[Stored data entries]
(* Let $\ln_G:(0,\infty)\to\mathbb{R}$ be a continuous, strictly increasing, strictly concave function with $\ln_G(1)=0$, let $0<\alpha<1$, and for probability distributions $p=(p_1,\dots,p_W)$ define $Z_{G,\alpha}(p):=\frac{\ln_G(\sum_{i=1}^W p_i^{\alpha})}{1-\alpha}$. Then $Z_{G,\alpha}$ satisfies: (SK1) it is continuous in all arguments $p_1,\dots,p_W$; (SK2) it attains its maximum value over the probability simplex at the uniform distribution $p_i=1/W$ (indeed it is strictly concave); (SK3) $Z_{G,\alpha}(p_1,\dots,p_W,0)=Z_{G,\alpha}(p_1,\dots,p_W)$. *)

theory Defs
  imports "HOL-Analysis.Analysis"
begin

definition strict_concave_on_real :: "real set \<Rightarrow> (real \<Rightarrow> real) \<Rightarrow> bool" where
  "strict_concave_on_real S f \<longleftrightarrow> convex S \<and>
     (\<forall>x\<in>S. \<forall>y\<in>S. x \<noteq> y \<longrightarrow> (\<forall>t::real. 0 < t \<and> t < 1 \<longrightarrow>
        f (t * x + (1 - t) * y) > t * f x + (1 - t) * f y))"

text \<open>Probability distributions (p_0,...,p_{W-1}) on W outcomes, represented as the
  first W coordinates of a function nat => real; other coordinates are ignored.\<close>
definition prob_simplex :: "nat \<Rightarrow> (nat \<Rightarrow> real) set" where
  "prob_simplex W = {p. (\<forall>i<W. 0 \<le> p i) \<and> (\<Sum>i<W. p i) = 1}"

definition Z_G :: "(real \<Rightarrow> real) \<Rightarrow> real \<Rightarrow> nat \<Rightarrow> (nat \<Rightarrow> real) \<Rightarrow> real" where
  "Z_G lnG \<alpha> W p = lnG (\<Sum>i<W. p i powr \<alpha>) / (1 - \<alpha>)"

end

theory Submission
  imports Defs
begin

text \<open>
  For \<open>0 < \<alpha> < 1\<close> the map \<open>x \<mapsto> x powr \<alpha>\<close> lies strictly below each of its tangent lines,
  hence is strictly concave on \<open>[0, \<infinity>)\<close>. Summing over the coordinates, the power sum
  \<open>\<Sum>\<^sub>i p\<^sub>i powr \<alpha>\<close> is strictly concave on the probability simplex, and comparing it with the
  tangent plane at the uniform distribution shows that it is maximal there. Composing with
  the strictly increasing, strictly concave \<open>ln\<^sub>G\<close> preserves both facts, and dividing by
  \<open>1 - \<alpha> > 0\<close> does too. Continuity is inherited from \<open>ln\<^sub>G\<close> because the power sum stays
  positive on the simplex, and an added zero coordinate contributes \<open>0 powr \<alpha> = 0\<close>.
\<close>

lemma ln_less_minus_one: "0 < (y::real) \<Longrightarrow> y \<noteq> 1 \<Longrightarrow> ln y < y - 1"
  using ln_le_minus_one[of y] ln_eq_minus_one[of y] by fastforce

lemma powr_less_tangent_line:
  fixes z a :: real
  assumes "0 \<le> z" "z \<noteq> 1" "0 < a" "a < 1"
  shows "z powr a < 1 + a * (z - 1)"
proof (cases "z = 0")
  case True
  then show ?thesis using assms by simp
next
  case False
  with assms have z: "0 < z" by simp
  define c where "c = a * z + (1 - a)"
  have c: "0 < c" using z assms by (simp add: c_def add_pos_pos)
  have "z \<noteq> c"
  proof
    assume "z = c"
    then have "z * (1 - a) = 1 - a" by (simp add: c_def algebra_simps)
    with assms show False by simp
  qed
  \<comment> \<open>Weighted AM-GM: apply \<open>ln y \<le> y - 1\<close> at \<open>z/c\<close> (strictly) and at \<open>1/c\<close>, with weights \<open>a, 1 - a\<close>.\<close>
  then have "ln (z / c) < z / c - 1"
    using ln_less_minus_one[of "z / c"] z c by simp
  moreover have "ln (1 / c) \<le> 1 / c - 1"
    using ln_le_minus_one[of "1 / c"] c by simp
  ultimately have "a * ln (z / c) + (1 - a) * ln (1 / c) < a * (z / c - 1) + (1 - a) * (1 / c - 1)"
    using assms by (intro add_less_le_mono) auto
  also have "\<dots> = 0" using c by (simp add: c_def field_simps)
  finally have "a * ln z < ln c"
    using z c by (simp add: ln_div algebra_simps)
  then have "exp (a * ln z) < c"
    using c by (metis exp_less_cancel_iff exp_ln)
  then show ?thesis using z by (simp add: powr_def c_def algebra_simps)
qed

lemma powr_less_tangent:
  fixes x m a :: real
  assumes "0 \<le> x" "0 < m" "x \<noteq> m" "0 < a" "a < 1"
  shows "x powr a < m powr a * (1 + a * (x / m - 1))"
proof -
  have "(x / m) powr a < 1 + a * (x / m - 1)"
    using powr_less_tangent_line[of "x / m" a] assms by simp
  then have "m powr a * (x / m) powr a < m powr a * (1 + a * (x / m - 1))"
    using assms by simp
  then show ?thesis using assms by (simp add: powr_divide)
qed

lemma powr_le_tangent:
  fixes x m a :: real
  assumes "0 \<le> x" "0 < m" "0 < a" "a < 1"
  shows "x powr a \<le> m powr a * (1 + a * (x / m - 1))"
  using powr_less_tangent[OF assms(1,2) _ assms(3,4)] assms by (cases "x = m") auto

lemma strict_concave_on_real_powr:
  fixes a :: real
  assumes "0 < a" "a < 1"
  shows "strict_concave_on_real {0..} (\<lambda>x. x powr a)"
  unfolding strict_concave_on_real_def
proof (intro conjI ballI allI impI)
  fix x y t :: real
  assume x: "x \<in> {0..}" and y: "y \<in> {0..}" and "x \<noteq> y" and t: "0 < t \<and> t < 1"
  define m where "m = t * x + (1 - t) * y"
  have "0 < m"
    using x y t \<open>x \<noteq> y\<close> unfolding m_def
    by (smt (verit, best) atLeast_iff mult_nonneg_nonneg mult_pos_pos)
  have "x \<noteq> m"
  proof
    assume "x = m"
    then have "(1 - t) * (x - y) = 0" by (simp add: m_def algebra_simps)
    with \<open>x \<noteq> y\<close> t show False by auto
  qed
  have "y \<noteq> m"
  proof
    assume "y = m"
    then have "t * (x - y) = 0" by (auto simp: m_def algebra_simps)
    with \<open>x \<noteq> y\<close> t show False by auto
  qed
  have "t * x powr a + (1 - t) * y powr a <
      t * (m powr a * (1 + a * (x / m - 1))) + (1 - t) * (m powr a * (1 + a * (y / m - 1)))"
    using powr_less_tangent[of x m a] powr_less_tangent[of y m a]
      x y t assms \<open>0 < m\<close> \<open>x \<noteq> m\<close> \<open>y \<noteq> m\<close>
    by (intro add_strict_mono mult_strict_left_mono) auto
  also have "\<dots> = m powr a * (1 + a * ((t * x + (1 - t) * y) / m - 1))"
    using \<open>0 < m\<close> by (simp add: field_simps)
  also have "\<dots> = m powr a" using \<open>0 < m\<close> by (simp add: m_def)
  finally show "t * x powr a + (1 - t) * y powr a < (t * x + (1 - t) * y) powr a"
    by (simp add: m_def)
qed simp

lemma strict_concave_on_realD_le:
  assumes "strict_concave_on_real S f" "x \<in> S" "y \<in> S" "0 < t" "t < 1"
  shows "t * f x + (1 - t) * f y \<le> f (t * x + (1 - t) * y)"
proof (cases "x = y")
  case True
  then show ?thesis by (simp add: algebra_simps)
next
  case False
  with assms show ?thesis by (auto simp: strict_concave_on_real_def intro: less_imp_le)
qed

lemma strict_concave_on_real_mono_less:
  assumes conc: "strict_concave_on_real S f" and incr: "strict_mono_on S f"
    and "u \<in> S" "v \<in> S" "w \<in> S" "0 < t" "t < 1"
    and less: "t * u + (1 - t) * v < w"
  shows "t * f u + (1 - t) * f v < f w"
proof -
  have "t * u + (1 - t) * v \<in> S"
    using conc assms convexD[of S u v t "1 - t"]
    by (simp add: strict_concave_on_real_def)
  then have "f (t * u + (1 - t) * v) < f w"
    using incr less \<open>w \<in> S\<close> by (simp add: strict_mono_on_less)
  then show ?thesis
    using strict_concave_on_realD_le[OF conc] assms by fastforce
qed

lemma uniform_in_prob_simplex: "1 \<le> W \<Longrightarrow> (\<lambda>i. 1 / real W) \<in> prob_simplex W"
  by (simp add: prob_simplex_def)

lemma prob_simplex_ex_nonzero:
  assumes "p \<in> prob_simplex W"
  shows "\<exists>i<W. p i \<noteq> 0"
proof (rule ccontr)
  assume "\<not> ?thesis"
  then have "(\<Sum>i<W. p i) = 0" by (intro sum.neutral) auto
  with assms show False by (simp add: prob_simplex_def)
qed

lemma sum_powr_pos_on_prob_simplex:
  assumes "p \<in> prob_simplex W"
  shows "0 < (\<Sum>i<W. p i powr a)"
proof -
  obtain i where "i < W" "p i \<noteq> 0"
    using prob_simplex_ex_nonzero[OF assms] by blast
  then show ?thesis by (intro sum_pos2[of _ i]) auto
qed

lemma continuous_on_sum_powr:
  fixes W :: nat and a :: real
  assumes "0 < a"
  shows "continuous_on {p. \<forall>i<W. 0 \<le> p i} (\<lambda>p. \<Sum>i<W. p i powr a)"
proof (intro continuous_on_sum continuous_on_powr')
  fix i :: nat
  show "continuous_on {p. \<forall>i<W. 0 \<le> p i} (\<lambda>p. p i)"
    by (rule continuous_on_subset[OF continuous_on_product_coordinates]) simp
qed (use assms in auto)

lemma sum_powr_le_uniform:
  fixes a :: real
  assumes p: "p \<in> prob_simplex W" and a: "0 < a" "a < 1"
  shows "(\<Sum>i<W. p i powr a) \<le> (\<Sum>i<W. (1 / real W) powr a)"
proof -
  define m where "m = 1 / real W"
  have "W \<noteq> 0" using prob_simplex_ex_nonzero[OF p] by auto
  then have "0 < m" by (simp add: m_def)
  have "(\<Sum>i<W. p i powr a) \<le> (\<Sum>i<W. m powr a * (1 + a * (p i / m - 1)))"
    using p a \<open>0 < m\<close> by (intro sum_mono powr_le_tangent) (auto simp: prob_simplex_def)
  also have "\<dots> = m powr a * (real W + a * ((\<Sum>i<W. p i) / m - real W))"
    by (simp add: sum_distrib_left sum.distrib sum_subtractf
        flip: sum_divide_distrib add: algebra_simps)
  also have "\<dots> = (\<Sum>i<W. m powr a)"
    using p \<open>W \<noteq> 0\<close> by (simp add: prob_simplex_def m_def)
  finally show ?thesis by (simp add: m_def)
qed

lemma sum_powr_strict_concave_on_prob_simplex:
  fixes a t :: real
  assumes "p \<in> prob_simplex W" "q \<in> prob_simplex W" "\<exists>i<W. p i \<noteq> q i"
    and "0 < t" "t < 1" "0 < a" "a < 1"
  shows "t * (\<Sum>i<W. p i powr a) + (1 - t) * (\<Sum>i<W. q i powr a)
    < (\<Sum>i<W. (t * p i + (1 - t) * q i) powr a)"
proof -
  have conc: "strict_concave_on_real {0..} (\<lambda>x. x powr a)"
    using assms by (intro strict_concave_on_real_powr)
  have "t * (\<Sum>i<W. p i powr a) + (1 - t) * (\<Sum>i<W. q i powr a)
      = (\<Sum>i<W. t * p i powr a + (1 - t) * q i powr a)"
    by (simp add: sum_distrib_left sum.distrib)
  also have "\<dots> < (\<Sum>i<W. (t * p i + (1 - t) * q i) powr a)"
    using assms strict_concave_on_realD_le[OF conc] conc
    by (intro sum_strict_mono_ex1) (fastforce simp: prob_simplex_def strict_concave_on_real_def)+
  finally show ?thesis .
qed

lemma Z_G_extend_zero: "Z_G lnG \<alpha> (Suc W) (p(W := 0)) = Z_G lnG \<alpha> W p"
proof -
  have "(\<Sum>i<Suc W. (p(W := 0)) i powr \<alpha>) = (\<Sum>i<W. p i powr \<alpha>)"
    by (simp add: lessThan_Suc)
  then show ?thesis by (simp add: Z_G_def)
qed

lemma continuous_on_Z_G:
  assumes "continuous_on {0<..} lnG" "0 < \<alpha>"
  shows "continuous_on (prob_simplex W) (Z_G lnG \<alpha> W)"
proof -
  have "continuous_on (prob_simplex W) (\<lambda>p. \<Sum>i<W. p i powr \<alpha>)"
    using continuous_on_sum_powr[OF \<open>0 < \<alpha>\<close>]
    by (rule continuous_on_subset) (auto simp: prob_simplex_def)
  then have "continuous_on (prob_simplex W) (\<lambda>p. lnG (\<Sum>i<W. p i powr \<alpha>))"
    by (rule continuous_on_compose2[OF assms(1)]) (auto intro: sum_powr_pos_on_prob_simplex)
  then show ?thesis
    unfolding Z_G_def[abs_def] divide_inverse by (intro continuous_intros)
qed

lemma Z_G_le_uniform:
  assumes incr: "strict_mono_on {0<..} lnG" and alpha: "0 < \<alpha>" "\<alpha> < 1"
    and p: "p \<in> prob_simplex W"
  shows "Z_G lnG \<alpha> W p \<le> Z_G lnG \<alpha> W (\<lambda>i. 1 / real W)"
proof -
  have "W \<noteq> 0" using prob_simplex_ex_nonzero[OF p] by auto
  then have "lnG (\<Sum>i<W. p i powr \<alpha>) \<le> lnG (\<Sum>i<W. (1 / real W) powr \<alpha>)"
    using sum_powr_le_uniform[OF p alpha] sum_powr_pos_on_prob_simplex[OF p]
    by (intro strict_mono_on_leD[OF incr]) auto
  then show ?thesis using alpha by (simp add: Z_G_def divide_right_mono)
qed

lemma Z_G_strict_concave_on_prob_simplex:
  fixes t :: real
  assumes conc: "strict_concave_on_real {0<..} lnG" and incr: "strict_mono_on {0<..} lnG"
    and alpha: "0 < \<alpha>" "\<alpha> < 1"
    and p: "p \<in> prob_simplex W" and q: "q \<in> prob_simplex W" and pq: "\<exists>i<W. p i \<noteq> q i"
    and t: "0 < t" "t < 1"
  shows "t * Z_G lnG \<alpha> W p + (1 - t) * Z_G lnG \<alpha> W q < Z_G lnG \<alpha> W (\<lambda>i. t * p i + (1 - t) * q i)"
proof -
  have Sp: "0 < (\<Sum>i<W. p i powr \<alpha>)" and Sq: "0 < (\<Sum>i<W. q i powr \<alpha>)"
    using p q by (simp_all add: sum_powr_pos_on_prob_simplex)
  have mix_less: "t * (\<Sum>i<W. p i powr \<alpha>) + (1 - t) * (\<Sum>i<W. q i powr \<alpha>)
      < (\<Sum>i<W. (t * p i + (1 - t) * q i) powr \<alpha>)"
    using sum_powr_strict_concave_on_prob_simplex[OF p q pq t alpha] .
  moreover have "0 < t * (\<Sum>i<W. p i powr \<alpha>) + (1 - t) * (\<Sum>i<W. q i powr \<alpha>)"
    using t Sp Sq by (intro add_pos_pos mult_pos_pos) auto
  ultimately have "t * lnG (\<Sum>i<W. p i powr \<alpha>) + (1 - t) * lnG (\<Sum>i<W. q i powr \<alpha>)
      < lnG (\<Sum>i<W. (t * p i + (1 - t) * q i) powr \<alpha>)"
    using Sp Sq t by (intro strict_concave_on_real_mono_less[OF conc incr _ _ _ _ _ mix_less]) auto
  then show ?thesis
    using alpha by (simp add: Z_G_def divide_strict_right_mono flip: add_divide_distrib)
qed

theorem mainTheorem6:
  fixes lnG :: "real \<Rightarrow> real" and \<alpha> :: real and W :: nat
  assumes cont: "continuous_on {0<..} lnG"
    and incr: "strict_mono_on {0<..} lnG"
    and conc: "strict_concave_on_real {0<..} lnG"
    and one: "lnG 1 = 0"
    and alpha: "0 < \<alpha>" "\<alpha> < 1"
    and W: "1 \<le> W"
  shows "continuous_on (prob_simplex W) (Z_G lnG \<alpha> W)
    \<and> (\<lambda>i. 1 / real W) \<in> prob_simplex W
    \<and> (\<forall>p\<in>prob_simplex W. Z_G lnG \<alpha> W p \<le> Z_G lnG \<alpha> W (\<lambda>i. 1 / real W))
    \<and> (\<forall>p\<in>prob_simplex W. \<forall>q\<in>prob_simplex W. (\<exists>i<W. p i \<noteq> q i) \<longrightarrow>
         (\<forall>t::real. 0 < t \<and> t < 1 \<longrightarrow>
            Z_G lnG \<alpha> W (\<lambda>i. t * p i + (1 - t) * q i)
              > t * Z_G lnG \<alpha> W p + (1 - t) * Z_G lnG \<alpha> W q))
    \<and> (\<forall>p\<in>prob_simplex W. Z_G lnG \<alpha> (Suc W) (p(W := 0)) = Z_G lnG \<alpha> W p)"
proof (intro conjI ballI allI impI)
  show "continuous_on (prob_simplex W) (Z_G lnG \<alpha> W)"
    by (rule continuous_on_Z_G[OF cont alpha(1)])
  show "(\<lambda>i. 1 / real W) \<in> prob_simplex W"
    using W by (rule uniform_in_prob_simplex)
  fix p assume p: "p \<in> prob_simplex W"
  show "Z_G lnG \<alpha> W p \<le> Z_G lnG \<alpha> W (\<lambda>i. 1 / real W)"
    by (rule Z_G_le_uniform[OF incr alpha p])
  show "Z_G lnG \<alpha> (Suc W) (p(W := 0)) = Z_G lnG \<alpha> W p"
    by (rule Z_G_extend_zero)
  fix q and t :: real
  assume "q \<in> prob_simplex W" "\<exists>i<W. p i \<noteq> q i" "0 < t \<and> t < 1"
  then show "t * Z_G lnG \<alpha> W p + (1 - t) * Z_G lnG \<alpha> W q
      < Z_G lnG \<alpha> W (\<lambda>i. t * p i + (1 - t) * q i)"
    using Z_G_strict_concave_on_prob_simplex[OF conc incr alpha p] by blast
qed

end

**What the task asks:** Which of the lines above include the word "definition"? Copy each of them.

**Finished task:**
definition strict_concave_on_real :: "real set \<Rightarrow> (real \<Rightarrow> real) \<Rightarrow> bool" where
definition prob_simplex :: "nat \<Rightarrow> (nat \<Rightarrow> real) set" where
definition Z_G :: "(real \<Rightarrow> real) \<Rightarrow> real \<Rightarrow> nat \<Rightarrow> (nat \<Rightarrow> real) \<Rightarrow> real" where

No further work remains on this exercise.